The type property in MapLayer tells MapLibre how to draw the data. Since our GeoJSON features are points, we use the circle type, which draws a simple circle at each point's coordinates. If our data had lines or polygons, we would use the line or fill types instead.
The data property is where you pass the GeoJSON collection. MapLibre reads the coordinates and properties of each feature and draws them on the map.
They're styled by the paint object you passed to MapLayer. MapLibre has a huge catalog of styling options for every type of layer. The ones we used here are:
| Property | Description |
|---|---|
circle-color | The fill color of each point. |
circle-radius | The size of each point, in pixels. |
circle-stroke-color | The color of the outline around each point. |
circle-stroke-width | The width of the outline, in pixels. |
circle-opacity | The opacity of the whole point, from 0 to 1. |
You can experiment with other paint properties in the MapLibre Style Specification to customize the look of your points. Try tweaking the color, size and opacity to see how it changes the map.
Adding a popup
The dots are nice, but they don't tell you anything about the trees. In practice, most maps offer a way to click on a feature and get more information about it.
Our MapLayer component accepts a popup property that will handle all the code for you. All you need to do is provide a function that takes a feature and returns the HTML you want to show in the popup.

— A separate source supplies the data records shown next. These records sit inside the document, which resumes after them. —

lemma INF_L2_PY_norm_diff_scaleR_sq:
  fixes s :: "'y \<Rightarrow> 'a::real_inner"
  assumes Y: "Y \<in> measurable M N" and s: "s \<in> borel_measurable N"
    and sY: "integrable M (\<lambda>w. (norm (s (Y w)))\<^sup>2)"
  shows "(INF u\<in>L2_PY M N Y. \<integral>w. (norm (s (Y w) - u (Y w) *\<^sub>R t))\<^sup>2 \<partial>M)
       = (\<integral>w. (norm (s (Y w)))\<^sup>2 \<partial>M) - (\<integral>w. (inner (sgn t) (s (Y w)))\<^sup>2 \<partial>M)"
proof -
  define J where "J u = (\<integral>w. (norm (s (Y w) - u (Y w) *\<^sub>R t))\<^sup>2 \<partial>M)" for u :: "'y \<Rightarrow> real"
  define c where "c y = inner t (s y) / (norm t)\<^sup>2" for y
  have sY_meas: "(\<lambda>w. s (Y w)) \<in> borel_measurable M"
    using s Y by measurable
  have "c \<in> borel_measurable N"
    unfolding c_def using s by measurable
  moreover have "integrable M (\<lambda>w. (inner t (s (Y w)))\<^sup>2 / ((norm t)\<^sup>2)\<^sup>2)"
    using integrable_inner_sq[OF sY_meas sY] by simp
  ultimately have c_L2: "c \<in> L2_PY M N Y"
    unfolding L2_PY_iff[OF Y] c_def power_divide by simp
  have J_integrable: "integrable M (\<lambda>w. (norm (s (Y w) - u (Y w) *\<^sub>R t))\<^sup>2)"
    if "u \<in> L2_PY M N Y" for u
    using that sY_meas sY Y by (intro integrable_norm_diff_scaleR_sq) (auto simp: L2_PY_iff)
  have "(INF u\<in>L2_PY M N Y. J u) = J c"
  proof (rule cInf_eq_minimum)
    show "J c \<le> v" if "v \<in> J ` L2_PY M N Y" for v
      using that J_integrable[OF c_L2] J_integrable unfolding J_def c_def
      by (auto intro!: integral_mono norm_diff_proj_sq_le)
  qed (use c_L2 in auto)
  also have "J c = (\<integral>w. (norm (s (Y w)))\<^sup>2 - (inner (sgn t) (s (Y w)))\<^sup>2 \<partial>M)"
    unfolding J_def c_def norm_diff_proj_sq ..
  also have "\<dots> = (\<integral>w. (norm (s (Y w)))\<^sup>2 \<partial>M) - (\<integral>w. (inner (sgn t) (s (Y w)))\<^sup>2 \<partial>M)"
    using sY integrable_inner_sq[OF sY_meas sY] by (rule Bochner_Integration.integral_diff)
  finally show ?thesis
    unfolding J_def .
qed

lemma tensor_product_zero:
  assumes "is_tensor_product tp"
  shows "tp 0 g = 0" and "tp f 0 = 0"
  using assms linear_0 unfolding is_tensor_product_def by blast+

lemma tensor_product_norm:
  assumes "is_tensor_product tp"
  shows "norm (tp f g) = norm f * norm g"
proof -
  have "(norm (tp f g))\<^sup>2 = (norm f * norm g)\<^sup>2"
    using assms unfolding is_tensor_product_def power2_norm_eq_inner power_mult_distrib by simp
  then show ?thesis
    by (simp add: power2_eq_iff_nonneg)
qed

lemma tensor_product_scaleR:
  assumes "is_tensor_product tp"
  shows "tp (a *\<^sub>R f) (b *\<^sub>R g) = (a * b) *\<^sub>R tp f g"
proof -
  from assms have left: "linear (\<lambda>f. tp f (b *\<^sub>R g))" and right: "linear (\<lambda>g. tp f g)"
    unfolding is_tensor_product_def by auto
  have "tp (a *\<^sub>R f) (b *\<^sub>R g) = a *\<^sub>R tp f (b *\<^sub>R g)"
    using linear_cmul[OF left] by simp
  also have "\<dots> = (a * b) *\<^sub>R tp f g"
    using linear_cmul[OF right] by simp
  finally show ?thesis .
qed

lemma tensor_product_sgn:
  assumes "is_tensor_product tp"
  shows "tp (sgn f) (sgn g) = sgn (tp f g)"
  unfolding sgn_div_norm divide_inverse_commute tensor_product_scaleR[OF assms]
    tensor_product_norm[OF assms]
  by (simp add: mult.commute)

lemma cp_loss_eq:
  assumes "Y \<in> measurable M N" "s \<in> borel_measurable N"
    and "integrable M (\<lambda>w. (norm (s (Y w)))\<^sup>2)" and "is_tensor_product tp"
  shows "cp_loss M N Y s tp f g = (\<integral>w. (norm (s (Y w)))\<^sup>2 \<partial>M) - cp_M M Y s tp (sgn f) (sgn g)"
  unfolding cp_loss_def cp_M_def tensor_product_sgn[OF assms(4)]
  using assms(1-3) by (rule INF_L2_PY_norm_diff_scaleR_sq)

lemma cp_M_nonneg: "0 \<le> cp_M M Y s tp f g"
  unfolding cp_M_def by simp

lemma cp_M_zero:
  assumes "is_tensor_product tp"
  shows "cp_M M Y s tp 0 g = 0" and "cp_M M Y s tp f 0 = 0"
  unfolding cp_M_def tensor_product_zero[OF assms] by simp_all

lemma orth_compl_span_iff: "x \<in> orth_compl (span S) \<longleftrightarrow> (\<forall>a\<in>S. inner x a = 0)"
  unfolding orth_compl_def mem_Collect_eq
proof
  assume "\<forall>a\<in>S. inner x a = 0"
  then have "orthogonal x a" if "a \<in> span S" for a
    using that by (rule_tac orthogonal_to_span) (auto simp: orthogonal_def)
  then show "\<forall>a\<in>span S. inner x a = 0"
    by (simp add: orthogonal_def)
qed (auto intro: span_base)

lemma orth_compl_span_image_iff:
  "x \<in> orth_compl (span (h ` I)) \<longleftrightarrow> (\<forall>i\<in>I. inner x (h i) = 0)"
  unfolding orth_compl_span_iff by blast

lemma sgn_image_orth_compl_subset: "sgn ` orth_compl A \<subseteq> orth_compl A"
  unfolding orth_compl_def by (auto simp: sgn_div_norm)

Add a simple popup to your MapLayer:
<MapLayer
id="great-trees"
type="circle"
data={greatTrees}
paint={{
'circle-color': '#0033a1',
'circle-radius': 5,
'circle-stroke-color': '#1a1a1a',
'circle-stroke-width': 1,
'circle-opacity': 0.9,
}}
popup={(feature) => {
const p = feature.properties;
return `<strong>${p.species}</strong><br>${p.description}`;
}}
/>MapLayer calls the function every time a dot is clicked and passes it the full feature, so you can build whatever HTML you'd like around the data. Keep it simple for now: the species on top, the location underneath.
Save. Click one of the blue dots. A popup should appear.

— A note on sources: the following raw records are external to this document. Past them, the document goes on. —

(* Let $G$ be an edge-colored graph of order $n\ge 1$. If $e(G)+c(G)\geq \binom{n+1}{2}-1$ and $G$ contains no rainbow triangle, then $G$ belongs to $\mathcal{G}_0$.
   Context: An edge-colored graph is a finite simple graph $G$ with a map $C:E(G)\to\mathbb{N}$. $e(G)=|E(G)|$, $c(G)$ is the number of distinct colors appearing on $E(G)$. A subgraph is rainbow if all its edges have distinct colors, monochromatic if all its edges have the same color. For disjoint $S,S'\subseteq V(G)$, $G[S,S']$ is the bipartite subgraph with classes $S,S'$ and all edges of $G$ between $S$ and $S'$. The family $\mathcal{G}_0$ of edge-colored complete graphs is defined recursively: $K_1\in\mathcal{G}_0$; an edge-colored complete graph $G$ of order $n\ge 2$ belongs to $\mathcal{G}_0$ iff $c(G)=n-1$ and there is a partition $V(G)=V_1\cup V_2$ into nonempty sets such that $G[V_1,V_2]$ is monochromatic and $G[V_i]\in\mathcal{G}_0$ for $i=1,2$. *)

theory Defs
  imports Main
begin

text \<open>An edge-colored graph is given by a finite vertex set V, an edge set E of
2-element subsets of V, and a colouring C : edges -> nat (given as a total
function on vertex sets; only its values on E matter).\<close>

definition all_edges :: "'a set \<Rightarrow> 'a set set" where
  "all_edges V = {e. e \<subseteq> V \<and> card e = 2}"

definition is_graph :: "'a set \<Rightarrow> 'a set set \<Rightarrow> bool" where
  "is_graph V E \<longleftrightarrow> finite V \<and> E \<subseteq> all_edges V"

definition num_colors :: "'a set set \<Rightarrow> ('a set \<Rightarrow> nat) \<Rightarrow> nat" where
  "num_colors E C = card (C ` E)"

definition has_rainbow_triangle :: "'a set set \<Rightarrow> ('a set \<Rightarrow> nat) \<Rightarrow> bool" where
  "has_rainbow_triangle E C \<longleftrightarrow>
     (\<exists>x y z. x \<noteq> y \<and> y \<noteq> z \<and> x \<noteq> z \<and>
        {x,y} \<in> E \<and> {y,z} \<in> E \<and> {x,z} \<in> E \<and>
        C {x,y} \<noteq> C {y,z} \<and> C {y,z} \<noteq> C {x,z} \<and> C {x,y} \<noteq> C {x,z})"

text \<open>The family G_0 of edge-colored complete graphs: G0 V C means the complete
graph on V with colouring C belongs to G_0.\<close>
inductive G0 :: "'a set \<Rightarrow> ('a set \<Rightarrow> nat) \<Rightarrow> bool" where
  single: "G0 {v} C"
| split: "\<lbrakk> finite V; card V \<ge> 2;
            num_colors (all_edges V) C = card V - 1;
            V1 \<union> V2 = V; V1 \<inter> V2 = {}; V1 \<noteq> {}; V2 \<noteq> {};
            \<exists>c. \<forall>x\<in>V1. \<forall>y\<in>V2. C {x,y} = c;
            G0 V1 C; G0 V2 C \<rbrakk> \<Longrightarrow> G0 V C"

end

theory Submission
  imports Defs
begin

text \<open>Remove a vertex \<open>v\<close> of minimum degree. Every colour seen only at \<open>v\<close> has a
  representative neighbour of \<open>v\<close>, and these representatives are pairwise non-adjacent, since an
  edge between two of them would close a rainbow triangle. Hence the degree of \<open>v\<close> plus the number
  of such colours is at most \<open>n\<close>, and induction gives \<open>e(G) + c(G) \<le> (n+1 choose 2) - 1\<close>, with
  equality only for complete graphs with \<open>n - 1\<close> colours. In such an extremal graph a colour private
  to a vertex produces a monochromatic cut whose two sides are again extremal, so splitting along
  these cuts builds the graph as a member of \<open>G\<^sub>0\<close>.\<close>

lemma doubleton_in_all_edges_iff [simp]:
  "{x, y} \<in> all_edges V \<longleftrightarrow> x \<in> V \<and> y \<in> V \<and> x \<noteq> y"
  unfolding all_edges_def by (auto simp: card_2_iff)

lemma all_edgesE:
  assumes "e \<in> all_edges V"
  obtains x y where "e = {x, y}" "x \<noteq> y" "x \<in> V" "y \<in> V"
  using assms unfolding all_edges_def by (auto simp: card_2_iff)

lemma all_edges_mono: "A \<subseteq> B \<Longrightarrow> all_edges A \<subseteq> all_edges B"
  unfolding all_edges_def by auto

lemma all_edges_singleton [simp]: "all_edges {v} = {}"
  unfolding all_edges_def by (auto simp: subset_singleton_iff)

lemma finite_all_edges: "finite V \<Longrightarrow> finite (all_edges V)"
  unfolding all_edges_def by (rule finite_subset[of _ "Pow V"]) auto

lemma card_all_edges: "finite V \<Longrightarrow> card (all_edges V) = card V choose 2"
  unfolding all_edges_def by (rule n_subsets)

definition incident_edges :: "'a set set \<Rightarrow> 'a \<Rightarrow> 'a set set" where
  "incident_edges E v = {e \<in> E. v \<in> e}"

lemma incident_edges_all_edges:
  "v \<in> V \<Longrightarrow> incident_edges (all_edges V) v = (\<lambda>y. {v, y}) ` (V - {v})"
  unfolding incident_edges_def by (auto elim!: all_edgesE)

lemma card_incident_edges_all_edges:
  assumes "finite V" "v \<in> V"
  shows "card (incident_edges (all_edges V) v) = card V - 1"
proof -
  have "inj_on (\<lambda>y. {v, y}) (V - {v})"
    by (rule inj_onI) (auto simp: doubleton_eq_iff)
  then show ?thesis
    using assms by (simp add: incident_edges_all_edges card_image)
qed

lemma all_edges_remove_vertex:
  "all_edges V = incident_edges (all_edges V) v \<union> all_edges (V - {v})"
  unfolding incident_edges_def all_edges_def by auto

lemma card_incident_edges_le_independent:
  assumes "finite V" "E \<subseteq> all_edges V" "x \<in> X"
    and independent: "\<forall>y\<in>X. y \<noteq> x \<longrightarrow> {x, y} \<notin> E"
  shows "card (incident_edges E x) \<le> card (V - X)"
proof -
  have "incident_edges E x \<subseteq> (\<lambda>y. {x, y}) ` (V - X)"
  proof
    fix e assume e: "e \<in> incident_edges E x"
    then obtain y where "e = {x, y}" "y \<in> V" "y \<noteq> x"
      using assms(2) unfolding incident_edges_def by (auto elim!: all_edgesE)
    with e independent show "e \<in> (\<lambda>y. {x, y}) ` (V - X)"
      unfolding incident_edges_def by auto
  qed
  then have "card (incident_edges E x) \<le> card ((\<lambda>y. {x, y}) ` (V - X))"
    using assms(1) by (intro card_mono) auto
  also have "\<dots> \<le> card (V - X)"
    by (rule card_image_le) (use assms(1) in simp)
  finally show ?thesis .
qed

lemma card_incident_edges_le:
  assumes "finite V" "E \<subseteq> all_edges V" "x \<in> V"
  shows "card (incident_edges E x) \<le> card V - 1"
  using card_incident_edges_le_independent[OF assms(1,2), of x "{x}"] assms(1,3) by simp

lemma has_rainbow_triangle_mono:
  "E1 \<subseteq> E2 \<Longrightarrow> has_rainbow_triangle E1 C \<Longrightarrow> has_rainbow_triangle E2 C"
  unfolding has_rainbow_triangle_def by blast

lemma rainbow_free_all_edges_subset:
  "\<not> has_rainbow_triangle (all_edges V) C \<Longrightarrow> W \<subseteq> V \<Longrightarrow> \<not> has_rainbow_triangle (all_edges W) C"
  using has_rainbow_triangle_mono all_edges_mono by metis

lemma rainbow_free_triangle:
  assumes "\<not> has_rainbow_triangle E C"
    and "x \<noteq> y" "y \<noteq> z" "x \<noteq> z" "{x, y} \<in> E" "{y, z} \<in> E" "{x, z} \<in> E"
    and "C {x, y} \<noteq> C {y, z}" "C {x, y} \<noteq> C {x, z}"
  shows "C {y, z} = C {x, z}"
  using assms unfolding has_rainbow_triangle_def by blast

definition private_colours :: "'a set set \<Rightarrow> ('a set \<Rightarrow> nat) \<Rightarrow> 'a \<Rightarrow> nat set" where
  "private_colours E C v = C ` incident_edges E v - C ` {e \<in> E. v \<notin> e}"

lemma private_colours_independent_representatives:
  assumes "E \<subseteq> all_edges V" "\<not> has_rainbow_triangle E C"
  obtains X where "X \<subseteq> V - {v}"
    "card X = card (private_colours E C v)"
    "\<forall>x\<in>X. \<forall>y\<in>X. x \<noteq> y \<longrightarrow> {x, y} \<notin> E"
proof -
  define K where "K = private_colours E C v"
  have "\<exists>y. y \<in> V - {v} \<and> {v, y} \<in> E \<and> C {v, y} = c" if c: "c \<in> K" for c
  proof -
    obtain e where e: "e \<in> E" "v \<in> e" "C e = c"
      using c unfolding K_def private_colours_def incident_edges_def by auto
    with assms(1) obtain y where "e = {v, y}" "y \<in> V - {v}"
      by (auto elim!: all_edgesE)
    with e show ?thesis by blast
  qed
  then obtain g where g: "\<And>c. c \<in> K \<Longrightarrow> g c \<in> V - {v} \<and> {v, g c} \<in> E \<and> C {v, g c} = c"
    by metis
  have "inj_on g K"
    by (rule inj_onI) (metis g)
  then have "card (g ` K) = card K"
    by (rule card_image)
  moreover have "{x, y} \<notin> E" if xy_in: "x \<in> g ` K" "y \<in> g ` K" and "x \<noteq> y" for x y
  proof
    assume xy: "{x, y} \<in> E"
    obtain c1 c2 where c: "c1 \<in> K" "c2 \<in> K" "x = g c1" "y = g c2"
      using xy_in by blast
    with g have "{x, y} \<in> {e \<in> E. v \<notin> e}"
      using xy by auto
    then have "C {x, y} \<noteq> c1" "C {x, y} \<noteq> c2"
      using c(1,2) unfolding K_def private_colours_def by (blast intro: imageI)+
    moreover have "c1 \<noteq> c2"
      using c \<open>x \<noteq> y\<close> by auto
    ultimately have "has_rainbow_triangle E C"
      unfolding has_rainbow_triangle_def using g[OF c(1)] g[OF c(2)] c xy \<open>x \<noteq> y\<close>
      by (intro exI[of _ v] exI[of _ x] exI[of _ y]) auto
    with assms(2) show False ..
  qed
  ultimately show thesis
    using that[of "g ` K"] g unfolding K_def by blast
qed

lemma min_degree_plus_private_colours_le:
  assumes "finite V" "E \<subseteq> all_edges V" "\<not> has_rainbow_triangle E C" "v \<in> V"
    and min_degree: "\<forall>x\<in>V. card (incident_edges E v) \<le> card (incident_edges E x)"
  shows "card (incident_edges E v) + card (private_colours E C v) \<le> card V"
proof -
  obtain X where X: "X \<subseteq> V - {v}" "card X = card (private_colours E C v)"
    "\<forall>x\<in>X. \<forall>y\<in>X. x \<noteq> y \<longrightarrow> {x, y} \<notin> E"
    using private_colours_independent_representatives[OF assms(2,3)] by blast
  have "finite X"
    using X(1) assms(1) finite_subset by blast
  show ?thesis
  proof (cases "X = {}")
    case True
    with X(2) \<open>finite X\<close> card_incident_edges_le[OF assms(1,2,4)] show ?thesis
      by simp
  next
    case False
    then obtain x where "x \<in> X"
      by blast
    with X(1) min_degree have "card (incident_edges E v) \<le> card (incident_edges E x)"
      by auto
    also have "\<dots> \<le> card (V - X)"
      using X(3) \<open>x \<in> X\<close> by (intro card_incident_edges_le_independent[OF assms(1,2)]) auto
    also have "\<dots> = card V - card X"
      using X(1) \<open>finite X\<close> by (subst card_Diff_subset) auto
    finally have "card (incident_edges E v) \<le> card V - card X" .
    moreover have "card X \<le> card V"
      using X(1) by (intro card_mono[OF assms(1)]) auto
    ultimately show ?thesis
      using X(2) by linarith
  qed
qed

Part 3: Searching by location
A zoomed map centered on the whole city is fine for seeing the overall distribution, but it doesn't make it easy for readers to find the trees near them. We can solve that problem by adding a search box that lets readers type in an address and fly the map to that location.
The process of turning a human-readable place, like Kips Bay or Flushing, into coordinates pinned to a map is a common problem in cartography. The technical term for it is geocoding. Every interactive map with a search box you have ever used is leaning on a geocoder under the hood to turn your query into a point on the map.

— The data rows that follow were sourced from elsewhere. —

lemma positive_arc_until_65_9:
  assumes "10 \<le> a" and hull: "hull_solution a y g c v" and "6 \<le> c" "c \<le> 59/9" "65/9 \<le> v" "y c = 0"
    and branch: "\<And>x. x \<in> {c..v} \<Longrightarrow> 0 < y x \<Longrightarrow> g x = f_plus x - a * y x"
  shows "\<exists>c'\<in>{20/3..65/9}. y c' = 0 \<and> (\<forall>x\<in>{c<..<c'}. 0 < y x)"
proof -
  have prim: "primitive_on y g c v"
    and lower: "\<And>x. x \<in> {c..v} \<Longrightarrow> min (f_plus x) (f_minus x) - a * y x \<le> g x"
    using hull by (auto simp: hull_solution_def)
  have pos: "0 < y x" if "x \<in> {c<..<20/3}" for x
  proof (rule positive_after_zero[of y g c "20/3" a "\<lambda>x. min (f_plus x) (f_minus x)"])
    show "primitive_on y g c (20/3)" using primitive_on_subinterval[OF prim] \<open>65/9 \<le> v\<close> by simp
    show "0 < min (f_plus t) (f_minus t)" if "t \<in> {c<..<20/3}" for t
      using forcings_pos_after_6[of t] that \<open>6 \<le> c\<close> by simp
    show "min (f_plus t) (f_minus t) - a * y t \<le> g t" if "t \<in> {c..20/3}" for t
      using lower[of t] that \<open>65/9 \<le> v\<close> by simp
  qed (use assms that continuous_on_min_forcing in auto)
  show ?thesis
  proof (rule returns_to_zero[of y g c "65/9" "20/3" "61/9" "1/2"])
    show "primitive_on y g c (65/9)" using primitive_on_subinterval[OF prim] \<open>65/9 \<le> v\<close> by simp
    show "y (61/9) \<le> 1/2 * (65/9 - 61/9)"
      using hull_solution_abs_le[OF \<open>10 \<le> a\<close> hull \<open>y c = 0\<close>, of "61/9"] assms(3-5) by simp
    show "g x \<le> - (1/2)" if "x \<in> {61/9<..<65/9}" "0 < y x" for x
    proof -
      have "0 < a * y x" using that \<open>10 \<le> a\<close> by simp
      then show ?thesis using branch[of x] f_plus_le_neg_half[of x] that assms(3-5) by simp
    qed
  qed (use assms pos in auto)
qed

definition filippov_on :: "real \<Rightarrow> (real \<Rightarrow> real) \<Rightarrow> (real \<Rightarrow> real) \<Rightarrow> real \<Rightarrow> real \<Rightarrow> bool" where
  "filippov_on a y g u v \<longleftrightarrow> primitive_on y g u v \<and> (\<forall>x\<in>{u..v}. g x \<in> filippov_rhs a x (y x))"

lemma filippov_on_subinterval:
  "filippov_on a y g u v \<Longrightarrow> u \<le> u' \<Longrightarrow> v' \<le> v \<Longrightarrow> filippov_on a y g u' v'"
  unfolding filippov_on_def by (auto intro: primitive_on_subinterval)

lemma filippov_on_hull_solution: "filippov_on a y g u v \<Longrightarrow> hull_solution a y g u v"
  unfolding filippov_on_def hull_solution_def by (auto dest: filippov_rhs_hull)

lemma filippov_on_pos:
  "filippov_on a y g u v \<Longrightarrow> x \<in> {u..v} \<Longrightarrow> 0 < y x \<Longrightarrow> g x = f_plus x - a * y x"
  unfolding filippov_on_def using filippov_rhs_pos by blast

lemma filippov_on_neg:
  "filippov_on a y g u v \<Longrightarrow> x \<in> {u..v} \<Longrightarrow> y x < 0 \<Longrightarrow> g x = f_minus x - a * y x"
  unfolding filippov_on_def using filippov_rhs_neg by blast

lemma filippov_on_stays_zero:
  assumes fil: "filippov_on a y g u v" and "0 \<le> a" "y u = 0"
    and attracting: "\<And>x. x \<in> {u..v} \<Longrightarrow> f_plus x \<le> 0 \<and> 0 \<le> f_minus x" and x: "x \<in> {u..v}"
  shows "y x = 0"
proof -
  have prim: "primitive_on y g u v" using fil by (simp add: filippov_on_def)
  have "y x \<le> 0"
  proof (rule primitive_on_stays_below[OF prim _ _ x])
    fix t assume t: "t \<in> {u..v}" "0 < y t"
    have "0 \<le> a * y t" using \<open>0 \<le> a\<close> t(2) by simp
    then show "g t \<le> 0" using filippov_on_pos[OF fil t] attracting[OF t(1)] by simp
  qed (use \<open>y u = 0\<close> in simp)
  moreover have "0 \<le> y x"
  proof (rule primitive_on_stays_above[OF prim _ _ x])
    fix t assume t: "t \<in> {u..v}" "y t < 0"
    have "a * y t \<le> 0" using \<open>0 \<le> a\<close> t(2) by (simp add: mult_nonneg_nonpos)
    then show "0 \<le> g t" using filippov_on_neg[OF fil t] attracting[OF t(1)] by simp
  qed (use \<open>y u = 0\<close> in simp)
  ultimately show ?thesis by simp
qed

lemma filippov_on_excursion:
  assumes "10 \<le> a" and fil: "filippov_on a y g s (22/3)" and "10/3 \<le> s" "s < 4" "y s = 0"
  obtains c1 c2 c3 where "c1 \<in> {4..41/9}" "c2 \<in> {6..59/9}" "c3 \<in> {20/3..65/9}"
    "y c1 = 0" "y c2 = 0" "\<forall>x\<in>{s<..<c1}. 0 < y x" "\<forall>x\<in>{c1<..<c2}. y x < 0"
    "\<forall>x\<in>{c2<..<c3}. 0 < y x" "\<forall>x\<in>{c3..22/3}. y x = 0"
proof -
  have hull: "hull_solution a y g s (22/3)" using fil by (rule filippov_on_hull_solution)
  obtain c1 where c1: "c1 \<in> {4..41/9}" "y c1 = 0" "\<forall>x\<in>{s<..<c1}. 0 < y x"
    using positive_arc_until_41_9[OF \<open>10 \<le> a\<close> hull] assms(3-5) by auto
  obtain c2 where c2: "c2 \<in> {6..59/9}" "y c2 = 0" "\<forall>x\<in>{c1<..<c2}. y x < 0"
  proof -
    have "hull_solution a y g c1 (22/3)" using hull_solution_subinterval[OF hull, of c1] c1 assms(3,4) by simp
    then show thesis
      using negative_arc_until_59_9[of a y g c1 "22/3"] filippov_on_neg[OF fil] c1 assms(1,3,4) that
      by auto
  qed
  obtain c3 where c3: "c3 \<in> {20/3..65/9}" "y c3 = 0" "\<forall>x\<in>{c2<..<c3}. 0 < y x"
  proof -
    have "hull_solution a y g c2 (22/3)" using hull_solution_subinterval[OF hull, of c2] c1 c2 assms(3,4) by simp
    then show thesis
      using positive_arc_until_65_9[of a y g c2 "22/3"] filippov_on_pos[OF fil] c1 c2 assms(1,3,4) that
      by auto
  qed
  have "y x = 0" if "x \<in> {c3..22/3}" for x
  proof (rule filippov_on_stays_zero[OF filippov_on_subinterval[OF fil, of c3 "22/3"] _ c3(2) _ that])
    show "f_plus t \<le> 0 \<and> 0 \<le> f_minus t" if "t \<in> {c3..22/3}" for t
      using forcings_attracting_closed[of t] that c3(1) by simp
  qed (use c1 c2 c3 assms in auto)
  then show thesis using that c1 c2 c3 by blast
qed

Most newsrooms pay a commercial geocoding provider like Google Maps or Mapbox for this service, but there are also free and open-source geocoders available that do the same thing without charging you for every search. They just aren't as good.
The class template uses Nominatim, the open-source geocoder run by the OpenStreetMap project. It's free to use at modest volumes with no API key required.
The template's Geocoder component wraps it in a styled search box.
When a user picks a result, Geocoder fires an onresult callback with its coordinates. All you have to do is hand those coordinates to our Map.
You can do that in +page.svelte. Import the component and add reactive state variables for the coordinates and zoom:
<script>
import ArticleHeader from '$lib/components/Article/ArticleHeader.svelte';
import Map from '$lib/components/Maps/Map.svelte';
import MapLayer from '$lib/components/Maps/MapLayer.svelte';
import Geocoder from '$lib/components/Maps/Geocoder.svelte';
let { data } = $props();
const greatTrees = data.greatTrees;
let longitude = $state(-74.0);
let latitude = $state(40.7);
let zoom = $state(9.5);
</script>Now replace the hard-coded numbers in the <Map> tag with those state variables, and add a <Geocoder> above the map with a callback that updates them.
<p>
The agency called on the public to nominate "trees of unusual size, species,
form or historical association." Explore them here and see if you can find any near you.
</p>
<Geocoder
label="Find your neighborhood"
placeholder="Enter an address in New York…"
onresult={(result) => {
longitude = result.lng;
latitude = result.lat;
zoom = 15;
}}
/>
<Map
{longitude}
{latitude}
{zoom}
height={600}
theme="positron"
credit="OpenFreeMap / OpenStreetMap contributors"
>
<!-- the MapLayer you added earlier stays as-is -->
</Map>Save and try it. Type a New York City address into the search box, pick a result from the dropdown and watch the map glide over to your block.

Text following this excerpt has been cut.